Here at Burch Family Wines, we have eagerly commenced the most fantastic time of year – harvest season! For all intents and purposes, this is when the fun really begins for Australia’s winemakers, as it heralds the start of a new winemaking season. Although it varies from year to year, in Australia harvest season usually begins around February and ends in April. During this time, the winery is abuzz with vintage workers picking the best fruit that will eventually be made into our much-loved bottles of wine.
So what exactly happens in the lead up to and during harvest season, and just how integral is it to the production of our wine?
There are many small, unsung, but vitally important tasks that take place in January and February every year in both our vineyards and our winery to ensure everything is prepared adequately for a successful grape harvest and vintage. While the vagaries of weather and the sheer number of processes and variables involved in picking grapes and making wine guarantee that there will be some unexpected wrinkles and challenges along the way, savvy planning and prior preparation can prevent many a late night headache or lost production hour, and that’s something our dedicated winemaking team are keen to avoid at all costs.
Preparation for vintage is an ongoing task throughout the year, however it’s when the Christmas break winds up and the calendar turns to January that particular important activities come into focus and the general level of activity around the winery really cranks up.
In the vineyard
As the summer spraying program finishes up, another potential threat to the developing grapes requires attention. The native Silvereye, a small but determined bird, likes nothing more than to feast on ripening grapes, generally pecking a hole in a berry to extract a drop of juice as the fruit begins to swell with sugar.

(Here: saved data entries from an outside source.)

lemma has_integral_one_minus_exp_rescaled:
  fixes u :: real
  shows "((\<lambda>s. u * (1 - exp (- (u * s)))) has_integral exp (- u) - 1 + u) {0..1}"
proof -
  have "((\<lambda>s. u * (1 - exp (- (u * s)))) has_integral
      (u * 1 + exp (- (u * 1))) - (u * 0 + exp (- (u * 0)))) {0..1}"
    by (intro fundamental_theorem_of_calculus)
      (auto intro!: derivative_eq_intros simp flip: has_real_derivative_iff_has_vector_derivative
        simp: algebra_simps)
  then show ?thesis
    by (simp add: algebra_simps)
qed

lemma has_integral_one_minus_exp_rescaled_squared:
  fixes u :: real
  shows "((\<lambda>s. u * (1 - exp (- (u * s)))\<^sup>2) has_integral
           2 * exp (- u) - 1/2 * exp (- 2 * u) + u - 3/2) {0..1}"
proof -
  have square: "exp (- (s * (u * 2))) = exp (- (s * u)) * exp (- (s * u))" for s
    by (simp flip: exp_add)
  have "((\<lambda>s. u * (1 - exp (- (u * s)))\<^sup>2) has_integral
      (u * 1 + 2 * exp (- (u * 1)) - exp (- 2 * (u * 1)) / 2)
        - (u * 0 + 2 * exp (- (u * 0)) - exp (- 2 * (u * 0)) / 2)) {0..1}"
    by (intro fundamental_theorem_of_calculus)
      (auto intro!: derivative_eq_intros simp flip: has_real_derivative_iff_has_vector_derivative
        simp: algebra_simps power2_eq_square square)
  then show ?thesis
    by (simp add: algebra_simps)
qed

lemma has_integral_powr_rescaled:
  fixes F :: "real \<Rightarrow> real" and u \<zeta> V :: real
  assumes "0 < u" and "((\<lambda>s. u * F (u * s)) has_integral V) {0..1}"
  shows "((\<lambda>s. s powr -\<zeta> * ((u * s) powr \<zeta> * F (u * s))) has_integral u powr (\<zeta> - 1) * V) {0..1}"
proof -
  have rescale: "s powr -\<zeta> * ((u * s) powr \<zeta> * F (u * s)) = u powr (\<zeta> - 1) * (u * F (u * s))"
    if "s \<in> {0..1} - {0}" for s
    using assms that by (simp add: powr_mult powr_minus powr_diff field_simps)
  show ?thesis
    by (rule has_integral_spike_finite[of "{0}", OF _ rescale has_integral_mult_right[OF assms(2)]]) simp
qed

lemma nn_lattice_sum_powr_exp_minus:
  fixes a x \<zeta> :: real
  assumes "0 < a" "a < 1" "0 < x" "0 < \<zeta>"
  shows "nn_lattice_sum a x (\<lambda>u. u powr \<zeta> * exp (- u))
      \<in> {ennreal (a powr \<zeta> / (1 - a powr \<zeta>) * Gamma (\<zeta> + 1))..ennreal (1 / (1 - a powr \<zeta>) * Gamma (\<zeta> + 1))}"
proof (rule nn_lattice_sum_powr_mixture[where \<phi>="\<lambda>y. exp (- y)" and R="\<lambda>u. {u..}"])
  fix u :: real
  show "((\<lambda>y. u powr \<zeta> * exp (- y)) has_integral u powr \<zeta> * exp (- u)) {u..}"
    using has_integral_mult_right[OF has_integral_exp_minus_to_infinity[of 1 u]] by simp
next
  show "((\<lambda>y. y powr \<zeta> * exp (- y)) has_integral Gamma (\<zeta> + 1)) {0..}"
    using has_integral_powr_exp_minus[of \<zeta> 1] assms by simp
qed (use assms lattice_powr_sum_below in auto)

lemma nn_lattice_sum_powr_one_minus_exp:
  fixes a x \<zeta> :: real
  assumes "0 < a" "a < 1" "0 < x" "-1 < \<zeta>" "\<zeta> < 0"
  shows "nn_lattice_sum a x (\<lambda>u. u powr \<zeta> * (1 - exp (- u)))
      \<in> {ennreal (a powr -\<zeta> / (1 - a powr -\<zeta>) * Gamma (\<zeta> + 1))..ennreal (1 / (1 - a powr -\<zeta>) * Gamma (\<zeta> + 1))}"
proof (rule nn_lattice_sum_powr_mixture[where \<phi>="\<lambda>y. exp (- y)" and R="\<lambda>u. {0..u}"])
  fix u :: real
  assume "0 < u"
  then show "((\<lambda>y. u powr \<zeta> * exp (- y)) has_integral u powr \<zeta> * (1 - exp (- u))) {0..u}"
    by (intro has_integral_mult_right has_integral_exp_minus_interval) simp
next
  show "((\<lambda>y. y powr \<zeta> * exp (- y)) has_integral Gamma (\<zeta> + 1)) {0..}"
    using has_integral_powr_exp_minus[of \<zeta> 1] assms by simp
qed (use assms lattice_powr_sum_above in auto)

lemma nn_lattice_sum_powr_one_minus_exp_squared:
  fixes a x \<zeta> :: real
  assumes "0 < a" "a < 1" "0 < x" "-1 < \<zeta>" "\<zeta> < 0"
  shows "nn_lattice_sum a x (\<lambda>u. u powr \<zeta> * (1 - exp (- u))\<^sup>2)
      \<in> {ennreal (a powr -\<zeta> / (1 - a powr -\<zeta>) * ((2 - 2 powr -\<zeta>) * Gamma (\<zeta> + 1)))
          ..ennreal (1 / (1 - a powr -\<zeta>) * ((2 - 2 powr -\<zeta>) * Gamma (\<zeta> + 1)))}"
proof (rule nn_lattice_sum_powr_mixture[where \<phi>="\<lambda>y. 2 * exp (- y) - 2 * exp (- 2 * y)" and R="\<lambda>u. {0..u}"])
  fix u :: real
  assume "0 < u"
  then show "((\<lambda>y. u powr \<zeta> * (2 * exp (- y) - 2 * exp (- 2 * y))) has_integral u powr \<zeta> * (1 - exp (- u))\<^sup>2) {0..u}"
    by (intro has_integral_mult_right has_integral_exp_minus_interval_squared) simp
next
  show "((\<lambda>y. y powr \<zeta> * (2 * exp (- y) - 2 * exp (- 2 * y))) has_integral (2 - 2 powr -\<zeta>) * Gamma (\<zeta> + 1)) {0..}"
    using assms by (intro has_integral_powr_exp_minus_difference) simp
next
  fix y :: real
  assume "0 \<le> y"
  then show "0 \<le> 2 * exp (- y) - 2 * exp (- 2 * y)"
    by simp
qed (use assms lattice_powr_sum_above in auto)

lemma h1_bounds:
  fixes a \<theta> \<zeta> t :: real
  assumes "0 < a" "a < 1" "0 < \<theta>" "0 < t" "0 < \<zeta>"
  shows "h1 a \<theta> \<zeta> t \<in> {Gamma (\<zeta> + 1) / (a powr -\<zeta> - 1)..a powr -\<zeta> * Gamma (\<zeta> + 1) / (a powr -\<zeta> - 1)}"
proof -
  have q: "0 < a powr \<zeta>" "a powr \<zeta> < 1"
    using assms powr01_less_one by auto
  have "h1 a \<theta> \<zeta> t = (\<Sum>\<^sub>\<infinity>j. (\<theta> * t * a powi j) powr \<zeta> * exp (- (\<theta> * t * a powi j)))"
    by (simp add: h1_def mult_ac)
  also have "\<dots> \<in> {a powr \<zeta> / (1 - a powr \<zeta>) * Gamma (\<zeta> + 1)..1 / (1 - a powr \<zeta>) * Gamma (\<zeta> + 1)}"
    using nn_lattice_sum_powr_exp_minus[of a "\<theta> * t" \<zeta>] assms q by (intro infsum_lattice_in_interval) auto
  finally have "h1 a \<theta> \<zeta> t \<in> {a powr \<zeta> / (1 - a powr \<zeta>) * Gamma (\<zeta> + 1)..1 / (1 - a powr \<zeta>) * Gamma (\<zeta> + 1)}" .
  moreover have "a powr \<zeta> / (1 - a powr \<zeta>) = 1 / (a powr -\<zeta> - 1)" "1 / (1 - a powr \<zeta>) = a powr -\<zeta> / (a powr -\<zeta> - 1)"
    using q by (simp_all add: powr_minus field_simps)
  ultimately show ?thesis
    by simp
qed

lemma h2_bounds:
  fixes a \<theta> \<zeta> t :: real
  assumes "0 < a" "a < 1" "0 < \<theta>" "0 < t" "-1 < \<zeta>" "\<zeta> < 0"
  shows "h2 a \<theta> \<zeta> t \<in> {a powr -\<zeta> * Gamma (\<zeta> + 1) / (1 - a powr -\<zeta>)..Gamma (\<zeta> + 1) / (1 - a powr -\<zeta>)}"
proof -
  have "a powr -\<zeta> < 1"
    using assms powr01_less_one by simp
  have "h2 a \<theta> \<zeta> t = (\<Sum>\<^sub>\<infinity>j. (\<theta> * t * a powi j) powr \<zeta> * (1 - exp (- (\<theta> * t * a powi j))))"
    by (simp add: h2_def mult_ac)
  also have "\<dots> \<in> {a powr -\<zeta> / (1 - a powr -\<zeta>) * Gamma (\<zeta> + 1)..1 / (1 - a powr -\<zeta>) * Gamma (\<zeta> + 1)}"
    using nn_lattice_sum_powr_one_minus_exp[of a "\<theta> * t" \<zeta>] assms \<open>a powr -\<zeta> < 1\<close>
    by (intro infsum_lattice_in_interval) (auto intro!: less_imp_le[OF Gamma_real_pos])
  finally show ?thesis
    by simp
qed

The laborious application of nets to the vines is the only way to prevent this – luckily the Silvereye generally lacks the courage to intrude too far into the vineyard so the priority is to protect the vines that are closest to the tree lines and windbreaks.
Occasionally perfectly timed flowering of native trees gives our team a lucky break. The only thing the bird enjoys more than our precious grapes is the blossom from the native Marri or Red Gum tree, so when the right conditions allow these trees to reach full flower at the same time as peak ripening, mother nature gives us a helping hand and “bird pressure” is substantially reduced.
Tracking our ripening grapes
Sampling the ripening grapes becomes a constant activity as the proposed picking dates draw closer. Our winemakers need to analyse the sugars and acids that are accumulating inside the maturing berries and the results obtained give an indication of “physiological ripeness”. This is the point at which these two crucial constituent compounds are present in appropriate quantities to ensure a proper fermentation of the juice into wine can occur.
Bunches for sampling need to be obtained from different points along the vine rows as ripening occurs unevenly throughout the vineyard. Our lab technicians use small scale equipment to crush and press the juice out of sample bunches for testing, and when sugars and acids reach indicative levels our senior winemakers will start walking the rows themselves to taste the grapes, looking for familiar flavour characteristics.
The chemistry can only take you so far when determining a picking date; “flavour ripeness” is just as crucial to determining the most beneficial time to bring the fruit into the winery for processing, and the size and development of the seeds and skins is equally crucial to preventing unwanted flavours developing during and after the ferment. The ultimate decision of when to pick will always be a combination of science, experience and intuition, and that’s a combination our winemakers pride themselves on getting right.
Preparing for the harvest
While all this is happening our staff are hard at work on a range of other vineyard tasks which are undertaken to ensure an efficient and safe harvest can proceed. The safety of our hand-pickers and vineyard machinery, such as mechanical grape harvesters, are of particular concern as much of the picking occurs at night or very early in the morning, making visibility a concern. Removing summer grass from the mid-rows helps to clear out any snakes that might be lurking and smoothing out the vineyard areas helps to remove (as much as possible) potential hazards for feet and vehicle tyres. Posts and wires are also checked thoroughly and any breakages fixed.